褒めることの弊害

70歳を過ぎて昨年からピアノのレッスンを始めた〇〇さん。

昨日は、バイエル55番のレッスンでしたが、ポジション移動が上手く出来なくて壁に当たっているようでした。

家で練習をしていて上手く弾けるようにならない時、子供の生徒さんも大人の生徒さんも、レッスンに来るのが気が重くなるようなのですが、上手く弾けないからレッスンがあるのですから、上手く弾けるようにレッスンしますのでお気軽にお越しください。

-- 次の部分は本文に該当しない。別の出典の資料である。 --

lemma is_poset_aut_compose:
  assumes "antisym r" and "inc_basis X r \<noteq> {}"
    and f: "f \<in> carrier (aut_pm_group X r)" and g: "g \<in> carrier (aut_pm_group X r)"
  shows "is_poset_aut X r (compose X f g) \<longleftrightarrow> (is_poset_aut X r f \<longleftrightarrow> is_poset_aut X r g)"
proof -
  have aut_or_antiaut: "is_poset_aut X r h \<longleftrightarrow> \<not> is_poset_antiaut X r h"
    if "h \<in> carrier (aut_pm_group X r)" for h
    using that aut_not_antiaut[OF assms(1,2)] by (auto simp: aut_pm_group_def)
  show ?thesis
    using aut_or_antiaut[OF f] aut_or_antiaut[OF g] aut_or_antiaut[OF compose_in_aut_pm_group[OF f g]]
      rel_iso_on_compose[of X r r f r g] rel_iso_on_compose[of X "r\<inverse>" "r\<inverse>" f r g]
      rel_iso_on_compose[of X r "r\<inverse>" f r g] rel_iso_on_compose[of X "r\<inverse>" r f r g]
    by (auto simp: is_poset_aut_iff_rel_iso_on is_poset_antiaut_iff_rel_iso_on)
qed

lemma induced_proper_compose:
  assumes "antisym r"
    and f: "f \<in> carrier (aut_pm_group X r)" and g: "g \<in> carrier (aut_pm_group X r)"
  shows "induced_proper X r (compose X f g) =
    compose (inc_basis X r) (induced_proper X r f) (induced_proper X r g)"
proof (rule extensionalityI)
  show "induced_proper X r (compose X f g) \<in> extensional (inc_basis X r)"
    by (simp add: induced_proper_def)
  show "compose (inc_basis X r) (induced_proper X r f) (induced_proper X r g)
    \<in> extensional (inc_basis X r)"
    by (simp add: compose_def)
  fix p assume p: "p \<in> inc_basis X r"
  have gp: "induced_proper X r g p \<in> inc_basis X r"
    using induced_proper_in_carrier[OF g] p
    by (auto simp: proper_group_def is_proper_def dest: bij_betw_apply)
  obtain x y where xy: "p = (x, y)" "x \<in> X" "y \<in> X"
    using p by (auto simp: inc_basis_def)
  have "g x \<in> X" "g y \<in> X"
    using g xy(2,3) by (auto simp: aut_pm_group_carrier rel_iso_on_def dest: bij_betw_apply)
  then show "induced_proper X r (compose X f g) p =
    compose (inc_basis X r) (induced_proper X r f) (induced_proper X r g) p"
    using p gp xy is_poset_aut_compose[OF assms(1) _ f g]
    by (auto simp: compose_eq induced_proper_apply)
qed

lemma induced_proper_surj:
  assumes "antisym r"
  shows "carrier (proper_group X r) \<subseteq> induced_proper X r ` carrier (aut_pm_group X r)"
proof
  fix \<theta> assume "\<theta> \<in> carrier (proper_group X r)"
  then have ext: "\<theta> \<in> extensional (inc_basis X r)" and "is_proper X r \<theta>"
    by (simp_all add: proper_group_def)
  then obtain f where f: "(is_poset_aut X r f \<and> (\<forall>(x, y)\<in>inc_basis X r. \<theta> (x, y) = (f x, f y)))
      \<or> (is_poset_antiaut X r f \<and> (\<forall>(x, y)\<in>inc_basis X r. \<theta> (x, y) = (f y, f x)))"
    unfolding is_proper_def by blast
  let ?f = "restrict f X"
  have kinds: "is_poset_aut X r ?f \<longleftrightarrow> is_poset_aut X r f"
    "is_poset_antiaut X r ?f \<longleftrightarrow> is_poset_antiaut X r f"
    by (simp_all add: is_poset_aut_iff_rel_iso_on is_poset_antiaut_iff_rel_iso_on)
  have "induced_proper X r ?f = \<theta>"
  proof (rule extensionalityI[OF _ ext])
    show "induced_proper X r ?f \<in> extensional (inc_basis X r)"
      by (simp add: induced_proper_def)
    fix p assume p: "p \<in> inc_basis X r"
    then obtain x y where xy: "p = (x, y)" "x \<in> X" "y \<in> X"
      by (auto simp: inc_basis_def)
    from f show "induced_proper X r ?f p = \<theta> p"
    proof (elim disjE conjE)
      assume "is_poset_aut X r f" "\<forall>(x, y)\<in>inc_basis X r. \<theta> (x, y) = (f x, f y)"
      then show ?thesis using p xy kinds by (auto simp: induced_proper_apply)
    next
      assume "is_poset_antiaut X r f" "\<forall>(x, y)\<in>inc_basis X r. \<theta> (x, y) = (f y, f x)"
      then show ?thesis
        using p xy kinds induced_proper_antiaut_apply[OF assms _ p, of ?f] by auto
    qed
  qed
  moreover have "?f \<in> carrier (aut_pm_group X r)"
    using f kinds by (auto simp: aut_pm_group_def)
  ultimately show "\<theta> \<in> induced_proper X r ` carrier (aut_pm_group X r)"
    by blast
qed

上手く弾けるようになれば、レッスンに来る必要はないのです。

褒めて育てる方法をしてしまうと、褒められることに喜びを感じることになってしまい、上手く弾けるようにならないと褒められることもないから、レッスンに行くのが億劫になってしまい、本来のピアノを習う目的が変わってしまいます。

「ピアノが弾けるようになりたい、色々な曲が弾けるようになりたい、ピアノを楽しみたい」と思ってピアノを習いに来たはずです。

褒められる為にピアノを習いに来たわけではないと思いますが、、、、、

精神分析的な観点で考えると、指導者に対して母親転移を起こす生徒さんがいるように思います。

母親にして欲しかったことが、一対一というピアノのレッスンの空間で無意識の感情が無意識に起きるのでしょう。

一般的な人は、精神分析の経験なんてありませんから、子供の時の欲求が解消されないまま残って大人になっている人が多いですから、転移が現れる場合もあります。

陽性転移の場合は良いのですが、陰性転移が現れる場合は、生徒さん本人は精神分析を勉強しているわけではないので無意識に現れますから、転移を解消するのが大変な場合があります。

子供は、親に褒められたいですからね。

褒められることで認められたと実感できるのかもしれませんからね。

上手く弾けたかどうかは、自分で判断出来なければいけないのです。

自閉症者は、他者の反応から自分が良いのか悪いのかを判断するようですが、一般の人は、自分で判断できるように感性を育みましょう。

私は、精神分析的心理療法も行っておりますが、ピアノのレッスンはピアノのレッスンなのですが、転移を起こされるのはしょうがないのかなとも思っております。

保護者の方でも、会話の中で私を「お母さん」とか「ママ」と口をすべらせてしまう方が時々いらっしゃいます。

私は、拒絶をしたり、見捨てたりしませんから、安心してレッスンにお越しください。